# Assignment
Only an exact repetition of the entries counts as an answer.
*****
(* $\widetilde{\mathbb{R}}_{sm}$, with the partial order $\le$ and with join $r\vee s=\max(r,s)$ and meet $r\wedge s=\min(r,s)$, is an $l$-ring (a partially ordered ring that is a lattice for its order).
   Context: Let $I=(0,1]$. $\widetilde{\mathbb{R}}_{sm}=\mathcal{E}_{M,sm}/\mathcal{N}_{sm}$ where $\mathcal{E}_{M,sm}$ is the set of smooth $(r_\varepsilon)_{\varepsilon\in I}\in\mathbb{R}^I$ with $|r_\varepsilon|=O(\varepsilon^{-N})$ for some $N$, and $\mathcal{N}_{sm}$ those smooth nets with $|r_\varepsilon|=O(\varepsilon^m)$ for all $m$. Similarly $\widetilde{\mathbb{R}}_{co}$ is defined with continuous nets; the natural map $\tau_{sm}:\widetilde{\mathbb{R}}_{sm}\to\widetilde{\mathbb{R}}_{co}$, $[(r_\varepsilon)]\mapsto[(r_\varepsilon)]$, is a ring isomorphism. For $r,s\in\widetilde{\mathbb{R}}_{sm}$, $r\le s$ means there are representatives with $r_\varepsilon\le s_\varepsilon$ for all $\varepsilon\in I$. For $r=[(r_\varepsilon)_\varepsilon]$, $s=[(s_\varepsilon)_\varepsilon]$: $\min(r,s)=\tau_{sm}^{-1}([(\min(r_\varepsilon,s_\varepsilon))_\varepsilon])$, $\max(r,s)=\tau_{sm}^{-1}([(\max(r_\varepsilon,s_\varepsilon))_\varepsilon])$. *)

theory Defs
  imports Complex_Main "HOL-Algebra.Ring" "HOL-Algebra.Lattice"
begin
lemma YX_scalar_step:
  "(\<forall>w\<in>G i. Y (X w) = c *s w) \<longleftrightarrow> (\<forall>w\<in>G (i + 1). Y (X w) = c *s w)"
proof -
  obtain b where b: "b \<noteq> 0" "b \<in> G i" "G i = range (\<lambda>t. t *s b)"
    by (rule G_eq_line)
  obtain b' where b': "b' \<noteq> 0" "b' \<in> G (i + 1)" "G (i + 1) = range (\<lambda>t. t *s b')"
    by (rule G_eq_line)
  obtain x where x: "X b = x *s b'" using X_into[OF b(2)] b'(3) by blast
  obtain y where y: "Y b' = y *s b" using Y_into[OF b'(2)] b(3) by blast
  have "Y (X b) = (x * y) *s b" by (simp add: x y Y.scale)
  moreover have "Y (X b') = (x * y) *s b'"
    by (simp add: X_Y_commute[symmetric] x y X.scale mult.commute)
  ultimately show ?thesis
    using YX_scalar_on_line_iff b b' by simp
qed

lemma YX_acts_by_scalar:
  obtains c where "\<And>i w. w \<in> G i \<Longrightarrow> Y (X w) = c *s w"
proof -
  obtain b where b: "b \<noteq> 0" "b \<in> G 0" "G 0 = range (\<lambda>t. t *s b)"
    by (rule G_eq_line)
  obtain c where "Y (X b) = c *s b"
    using Y_into[of "X b" 0] X_into[OF b(2)] b(3) by auto
  then have "\<forall>w\<in>G 0. Y (X w) = c *s w"
    using YX_scalar_on_line_iff b by blast
  then have "\<forall>w\<in>G i. Y (X w) = c *s w" for i
  proof (induction i rule: int_induct[where k = 0])
    case (step1 i)
    then show ?case using YX_scalar_step[of i c] by blast
  next
    case (step2 i)
    then show ?case using YX_scalar_step[of "i - 1" c] by simp
  qed
  with that show thesis by blast
qed

lemma normalized_ladder_basis:
  assumes YX: "\<And>i w. w \<in> G i \<Longrightarrow> Y (X w) = (a * a) *s w" and "a \<noteq> 0"
  shows "\<exists>v. \<forall>i. v i \<in> G i \<and> v i \<noteq> 0 \<and> X (v (i - 1)) = a *s v i \<and> Y (v i) = a *s v (i - 1)"
proof -
  define f where "f u = inverse a *s X u" for u
  define g where "g u = inverse a *s Y u" for u
  have inv: "inverse a * inverse a * (a * a) = 1"
    using \<open>a \<noteq> 0\<close> by (simp add: field_simps)
  have g_f: "g (f u) = u" if "u \<in> G i" for u i
  proof -
    have "g (f u) = (inverse a * inverse a) *s Y (X u)"
      by (simp add: f_def g_def Y.scale)
    also have "\<dots> = u"
      by (simp only: YX[OF that] scale_scale inv scale_one)
    finally show ?thesis .
  qed
  have f_g: "f (g u) = u" if "u \<in> G (i + 1)" for u i
  proof -
    have "f (g u) = (inverse a * inverse a) *s Y (X u)"
      by (simp add: f_def g_def X.scale X_Y_commute)
    also have "\<dots> = u"
      by (simp only: YX[OF that] scale_scale inv scale_one)
    finally show ?thesis .
  qed
  have f_into: "f u \<in> G (i + 1) - {0}" if "u \<in> G i - {0}" for u i
  proof
    show "f u \<in> G (i + 1)"
      using that X_into subspace_scale[OF subspace_G] by (simp add: f_def)
    show "f u \<notin> {0}"
      using that g_f[of u i] by (auto simp: g_def)
  qed
  have g_into: "g u \<in> G i - {0}" if "u \<in> G (i + 1) - {0}" for u i
  proof
    show "g u \<in> G i"
      using that Y_into subspace_scale[OF subspace_G] by (simp add: g_def)
    show "g u \<notin> {0}"
      using that f_g[of u i] by (auto simp: f_def)
  qed
  obtain b where "b \<noteq> 0" "b \<in> G 0" by (rule G_eq_line)
  then have "\<exists>v. \<forall>i. v i \<in> G i - {0} \<and> f (v (i - 1)) = v i"
    by (intro int_chain_orbit[where g = g] f_into g_into f_g[OF DiffD1]) simp
  then obtain v where v: "\<And>i. v i \<in> G i - {0}" "\<And>i. f (v (i - 1)) = v i"
    by blast
  have "X (v (i - 1)) = a *s v i" for i
    using v(2)[of i, symmetric] \<open>a \<noteq> 0\<close> by (simp add: f_def)
  moreover have "Y (v i) = a *s v (i - 1)" for i
    using g_f[of "v (i - 1)" "i - 1", symmetric] v \<open>a \<noteq> 0\<close> by (simp add: g_def)
  ultimately show ?thesis using v(1) by blast
qed

end

lemma fneg_eq_fzero_iff: "fneg \<alpha> = fzero \<longleftrightarrow> \<alpha> = fzero"
  by (auto simp: fneg_def fzero_def fun_eq_iff)

lemma fadd_fneg_self: "fadd \<alpha> (fneg \<alpha>) = fzero"
  by (simp add: fadd_def fneg_def fzero_def)

lemma fadd_fmul_int_succ: "fadd \<sigma> (fadd \<nu> (fmul_int i \<sigma>)) = fadd \<nu> (fmul_int (i + 1) \<sigma>)"
  by (simp add: fadd_def fmul_int_def fun_eq_iff algebra_simps)

lemma fadd_fneg_fmul_int_succ:
  "fadd (fneg \<sigma>) (fadd \<nu> (fmul_int (i + 1) \<sigma>)) = fadd \<nu> (fmul_int i \<sigma>)"
  by (simp add: fadd_def fneg_def fmul_int_def fun_eq_iff algebra_simps)

lemma subgroup_Z3_fadd: "subgroup_Z3 \<Gamma> \<Longrightarrow> \<alpha> \<in> \<Gamma> \<Longrightarrow> \<beta> \<in> \<Gamma> \<Longrightarrow> fadd \<alpha> \<beta> \<in> \<Gamma>"
  and subgroup_Z3_fneg: "subgroup_Z3 \<Gamma> \<Longrightarrow> \<alpha> \<in> \<Gamma> \<Longrightarrow> fneg \<alpha> \<in> \<Gamma>"
  by (simp_all add: subgroup_Z3_def)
*****
# Reply to the task
(* $\widetilde{\mathbb{R}}_{sm}$, with the partial order $\le$ and with join $r\vee s=\max(r,s)$ and meet $r\wedge s=\min(r,s)$, is an $l$-ring (a partially ordered ring that is a lattice for its order).
   Context: Let $I=(0,1]$. $\widetilde{\mathbb{R}}_{sm}=\mathcal{E}_{M,sm}/\mathcal{N}_{sm}$ where $\mathcal{E}_{M,sm}$ is the set of smooth $(r_\varepsilon)_{\varepsilon\in I}\in\mathbb{R}^I$ with $|r_\varepsilon|=O(\varepsilon^{-N})$ for some $N$, and $\mathcal{N}_{sm}$ those smooth nets with $|r_\varepsilon|=O(\varepsilon^m)$ for all $m$. Similarly $\widetilde{\mathbb{R}}_{co}$ is defined with continuous nets; the natural map $\tau_{sm}:\widetilde{\mathbb{R}}_{sm}\to\widetilde{\mathbb{R}}_{co}$, $[(r_\varepsilon)]\mapsto[(r_\varepsilon)]$, is a ring isomorphism. For $r,s\in\widetilde{\mathbb{R}}_{sm}$, $r\le s$ means there are representatives with $r_\varepsilon\le s_\varepsilon$ for all $\varepsilon\in I$. For $r=[(r_\varepsilon)_\varepsilon]$, $s=[(s_\varepsilon)_\varepsilon]$: $\min(r,s)=\tau_{sm}^{-1}([(\min(r_\varepsilon,s_\varepsilon))_\varepsilon])$, $\max(r,s)=\tau_{sm}^{-1}([(\max(r_\varepsilon,s_\varepsilon))_\varepsilon])$. *)

theory Defs
  imports Complex_Main "HOL-Algebra.Ring" "HOL-Algebra.Lattice"
begin
lemma YX_scalar_step:
  "(\<forall>w\<in>G i. Y (X w) = c *s w) \<longleftrightarrow> (\<forall>w\<in>G (i + 1). Y (X w) = c *s w)"
proof -
  obtain b where b: "b \<noteq> 0" "b \<in> G i" "G i = range (\<lambda>t. t *s b)"
    by (rule G_eq_line)
  obtain b' where b': "b' \<noteq> 0" "b' \<in> G (i + 1)" "G (i + 1) = range (\<lambda>t. t *s b')"
    by (rule G_eq_line)
  obtain x where x: "X b = x *s b'" using X_into[OF b(2)] b'(3) by blast
  obtain y where y: "Y b' = y *s b" using Y_into[OF b'(2)] b(3) by blast
  have "Y (X b) = (x * y) *s b" by (simp add: x y Y.scale)
  moreover have "Y (X b') = (x * y) *s b'"
    by (simp add: X_Y_commute[symmetric] x y X.scale mult.commute)
  ultimately show ?thesis
    using YX_scalar_on_line_iff b b' by simp
qed

lemma YX_acts_by_scalar:
  obtains c where "\<And>i w. w \<in> G i \<Longrightarrow> Y (X w) = c *s w"
proof -
  obtain b where b: "b \<noteq> 0" "b \<in> G 0" "G 0 = range (\<lambda>t. t *s b)"
    by (rule G_eq_line)
  obtain c where "Y (X b) = c *s b"
    using Y_into[of "X b" 0] X_into[OF b(2)] b(3) by auto
  then have "\<forall>w\<in>G 0. Y (X w) = c *s w"
    using YX_scalar_on_line_iff b by blast
  then have "\<forall>w\<in>G i. Y (X w) = c *s w" for i
  proof (induction i rule: int_induct[where k = 0])
    case (step1 i)
    then show ?case using YX_scalar_step[of i c] by blast
  next
    case (step2 i)
    then show ?case using YX_scalar_step[of "i - 1" c] by simp
  qed
  with that show thesis by blast
qed

lemma normalized_ladder_basis:
  assumes YX: "\<And>i w. w \<in> G i \<Longrightarrow> Y (X w) = (a * a) *s w" and "a \<noteq> 0"
  shows "\<exists>v. \<forall>i. v i \<in> G i \<and> v i \<noteq> 0 \<and> X (v (i - 1)) = a *s v i \<and> Y (v i) = a *s v (i - 1)"
proof -
  define f where "f u = inverse a *s X u" for u
  define g where "g u = inverse a *s Y u" for u
  have inv: "inverse a * inverse a * (a * a) = 1"
    using \<open>a \<noteq> 0\<close> by (simp add: field_simps)
  have g_f: "g (f u) = u" if "u \<in> G i" for u i
  proof -
    have "g (f u) = (inverse a * inverse a) *s Y (X u)"
      by (simp add: f_def g_def Y.scale)
    also have "\<dots> = u"
      by (simp only: YX[OF that] scale_scale inv scale_one)
    finally show ?thesis .
  qed
  have f_g: "f (g u) = u" if "u \<in> G (i + 1)" for u i
  proof -
    have "f (g u) = (inverse a * inverse a) *s Y (X u)"
      by (simp add: f_def g_def X.scale X_Y_commute)
    also have "\<dots> = u"
      by (simp only: YX[OF that] scale_scale inv scale_one)
    finally show ?thesis .
  qed
  have f_into: "f u \<in> G (i + 1) - {0}" if "u \<in> G i - {0}" for u i
  proof
    show "f u \<in> G (i + 1)"
      using that X_into subspace_scale[OF subspace_G] by (simp add: f_def)
    show "f u \<notin> {0}"
      using that g_f[of u i] by (auto simp: g_def)
  qed
  have g_into: "g u \<in> G i - {0}" if "u \<in> G (i + 1) - {0}" for u i
  proof
    show "g u \<in> G i"
      using that Y_into subspace_scale[OF subspace_G] by (simp add: g_def)
    show "g u \<notin> {0}"
      using that f_g[of u i] by (auto simp: f_def)
  qed
  obtain b where "b \<noteq> 0" "b \<in> G 0" by (rule G_eq_line)
  then have "\<exists>v. \<forall>i. v i \<in> G i - {0} \<and> f (v (i - 1)) = v i"
    by (intro int_chain_orbit[where g = g] f_into g_into f_g[OF DiffD1]) simp
  then obtain v where v: "\<And>i. v i \<in> G i - {0}" "\<And>i. f (v (i - 1)) = v i"
    by blast
  have "X (v (i - 1)) = a *s v i" for i
    using v(2)[of i, symmetric] \<open>a \<noteq> 0\<close> by (simp add: f_def)
  moreover have "Y (v i) = a *s v (i - 1)" for i
    using g_f[of "v (i - 1)" "i - 1", symmetric] v \<open>a \<noteq> 0\<close> by (simp add: g_def)
  ultimately show ?thesis using v(1) by blast
qed

end

lemma fneg_eq_fzero_iff: "fneg \<alpha> = fzero \<longleftrightarrow> \<alpha> = fzero"
  by (auto simp: fneg_def fzero_def fun_eq_iff)

lemma fadd_fneg_self: "fadd \<alpha> (fneg \<alpha>) = fzero"
  by (simp add: fadd_def fneg_def fzero_def)

lemma fadd_fmul_int_succ: "fadd \<sigma> (fadd \<nu> (fmul_int i \<sigma>)) = fadd \<nu> (fmul_int (i + 1) \<sigma>)"
  by (simp add: fadd_def fmul_int_def fun_eq_iff algebra_simps)

lemma fadd_fneg_fmul_int_succ:
  "fadd (fneg \<sigma>) (fadd \<nu> (fmul_int (i + 1) \<sigma>)) = fadd \<nu> (fmul_int i \<sigma>)"
  by (simp add: fadd_def fneg_def fmul_int_def fun_eq_iff algebra_simps)

lemma subgroup_Z3_fadd: "subgroup_Z3 \<Gamma> \<Longrightarrow> \<alpha> \<in> \<Gamma> \<Longrightarrow> \<beta> \<in> \<Gamma> \<Longrightarrow> fadd \<alpha> \<beta> \<in> \<Gamma>"
  and subgroup_Z3_fneg: "subgroup_Z3 \<Gamma> \<Longrightarrow> \<alpha> \<in> \<Gamma> \<Longrightarrow> fneg \<alpha> \<in> \<Gamma>"
  by (simp_all add: subgroup_Z3_def)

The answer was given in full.